lemma
  assumes "x \<in> tens d N" and "x [] = 1"
  shows tinv_eq_rinv: "tinv d N x = rinv d N x"
    and tprod_tinv_left: "tprod d N (tinv d N x) x = tunit"
proof -
  let ?y = "rinv d N x"
  have xy: "tprod d N x ?y = tunit"
    using assms(2) by (rule tprod_rinv)
  have "x = tprod d N (tprod d N x ?y) (rinv d N ?y)"
    by (simp add: tprod_assoc tprod_rinv tprod_tunit_right assms(1))
  then have "x = rinv d N ?y"
    by (simp add: xy tprod_tunit_left rinv_in_tens)
  then have yx: "tprod d N ?y x = tunit"
    by (metis rinv_Nil tprod_rinv)
  have "z = ?y" if "z \<in> tens d N" "tprod d N z x = tunit" for z
  proof -
    have "z = tprod d N (tprod d N z x) ?y"
      by (simp add: tprod_assoc xy tprod_tunit_right that(1))
    then show ?thesis
      by (simp add: that(2) tprod_tunit_left rinv_in_tens)
  qed
  then have "tinv d N x = ?y"
    unfolding tinv_def using xy yx rinv_in_tens by (intro the_equality) auto
  then show "tinv d N x = ?y" "tprod d N (tinv d N x) x = tunit"
    using yx by auto
qed

section \<open>Paths of class \<open>C\<^sup>k\<close>\<close>

text \<open>The truncation of \<^const>\<open>smooth_on\<close> after \<open>k\<close> derivatives; unlike
  \<^const>\<open>smooth_on\<close>, it can be established by induction on \<open>k\<close>.\<close>

definition ck_on :: "nat \<Rightarrow> real set \<Rightarrow> (real \<Rightarrow> 'a::real_normed_vector) \<Rightarrow> bool" where
  "ck_on k S h \<longleftrightarrow> (\<exists>D. D 0 = h \<and>
      (\<forall>j<k. \<forall>t\<in>S. (D j has_vector_derivative D (Suc j) t) (at t within S)))"

lemma ck_on_0 [simp]: "ck_on 0 S h"
  by (auto simp: ck_on_def)

lemma ck_on_Suc:
  "ck_on (Suc k) S h \<longleftrightarrow>
     (\<exists>h'. (\<forall>t\<in>S. (h has_vector_derivative h' t) (at t within S)) \<and> ck_on k S h')"
proof
  assume "ck_on (Suc k) S h"
  then obtain D where "D 0 = h"
    and D: "\<forall>j<Suc k. \<forall>t\<in>S. (D j has_vector_derivative D (Suc j) t) (at t within S)"
    by (auto simp: ck_on_def)
  moreover have "ck_on k S (D 1)"
    unfolding ck_on_def using D by (intro exI[of _ "\<lambda>j. D (Suc j)"]) auto
  ultimately show "\<exists>h'. (\<forall>t\<in>S. (h has_vector_derivative h' t) (at t within S)) \<and> ck_on k S h'"
    by auto
next
  assume "\<exists>h'. (\<forall>t\<in>S. (h has_vector_derivative h' t) (at t within S)) \<and> ck_on k S h'"
  then obtain h' D where h': "\<forall>t\<in>S. (h has_vector_derivative h' t) (at t within S)"
    and "D 0 = h'" and D: "\<forall>j<k. \<forall>t\<in>S. (D j has_vector_derivative D (Suc j) t) (at t within S)"
    by (auto simp: ck_on_def)
  then show "ck_on (Suc k) S h"
    unfolding ck_on_def
    by (intro exI[of _ "case_nat h D"]) (auto simp: less_Suc_eq_0_disj)
qed

lemma ck_on_SucD: "ck_on (Suc k) S h \<Longrightarrow> ck_on k S h"
  by (auto simp: ck_on_def)

lemma smooth_on_imp_ck_on: "smooth_on S h \<Longrightarrow> ck_on k S h"
  by (auto simp: smooth_on_def ck_on_def)

lemma smooth_on_has_vector_derivative:
  assumes "smooth_on S h"
  shows "\<exists>h'. (\<forall>t\<in>S. (h has_vector_derivative h' t) (at t within S)) \<and> smooth_on S h'"
proof -
  obtain D where D0: "D 0 = h"
    and D: "\<forall>k. \<forall>t\<in>S. (D k has_vector_derivative D (Suc k) t) (at t within S)"
    using assms by (auto simp: smooth_on_def)
  have "smooth_on S (D 1)"
    unfolding smooth_on_def using D by (intro exI[of _ "\<lambda>k. D (Suc k)"]) auto
  moreover have "\<forall>t\<in>S. (h has_vector_derivative D 1 t) (at t within S)"
    using D unfolding D0[symmetric] by simp
  ultimately show ?thesis
    by blast
qed

lemma smooth_on_imp_continuous_on: "smooth_on S h \<Longrightarrow> continuous_on S h"
  using smooth_on_has_vector_derivative continuous_on_vector_derivative by blast

lemma smooth_on_if_ck_on:
  fixes h :: "real \<Rightarrow> 'a::euclidean_space"
  assumes "a < b" and ck: "\<And>k. ck_on k {a..b} h"
  shows "smooth_on {a..b} h"
proof -
  \<comment> \<open>The witnesses of \<open>ck_on k\<close> may depend on \<open>k\<close>, but derivatives within a non-degenerate
      interval are unique, so the iterated vector derivatives serve for all \<open>k\<close> at once.\<close>
  define D where "D j = ((\<lambda>g t. vector_derivative g (at t within {a..b})) ^^ j) h" for j
  have D_Suc: "D (Suc j) t = vector_derivative (D j) (at t within {a..b})" for j t
    by (simp add: D_def)
  have "(D j has_vector_derivative D (Suc j) t) (at t within {a..b})" if t: "t \<in> {a..b}" for j t
  proof -
    obtain E where "E 0 = h" and E: "\<forall>i<Suc j. \<forall>t\<in>{a..b}.
        (E i has_vector_derivative E (Suc i) t) (at t within {a..b})"
      using ck[of "Suc j"] by (auto simp: ck_on_def)
    have DE: "\<forall>t\<in>{a..b}. D i t = E i t" if "i \<le> Suc j" for i
      using that
    proof (induction i)
      case 0
      show ?case by (simp add: D_def \<open>E 0 = h\<close>)
    next
      case (Suc i)
      have DE_i: "\<forall>t\<in>{a..b}. D i t = E i t"
        using Suc by simp
      have "(D i has_vector_derivative E (Suc i) t) (at t within {a..b})" if "t \<in> {a..b}" for t
      proof (rule has_vector_derivative_weaken)
        show "(E i has_vector_derivative E (Suc i) t) (at t within {a..b})"
          using E Suc.prems that by simp
      qed (use DE_i that in auto)
      then show ?case
        using \<open>a < b\<close> by (simp add: D_Suc vector_derivative_within_closed_interval)
    qed
    show ?thesis
    proof (rule has_vector_derivative_weaken)
      show "(E j has_vector_derivative D (Suc j) t) (at t within {a..b})"
        using E DE[of "Suc j"] t by simp
    qed (use DE t in auto)
  qed
  then show ?thesis
    unfolding smooth_on_def by (intro exI[of _ D]) (simp add: D_def)
qed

::::

> Exercise brief: From the lines above, copy those that contain the word "longleftrightarrow".

> Expected output:
  "ck_on k S h \<longleftrightarrow> (\<exists>D. D 0 = h \<and>
  "ck_on (Suc k) S h \<longleftrightarrow>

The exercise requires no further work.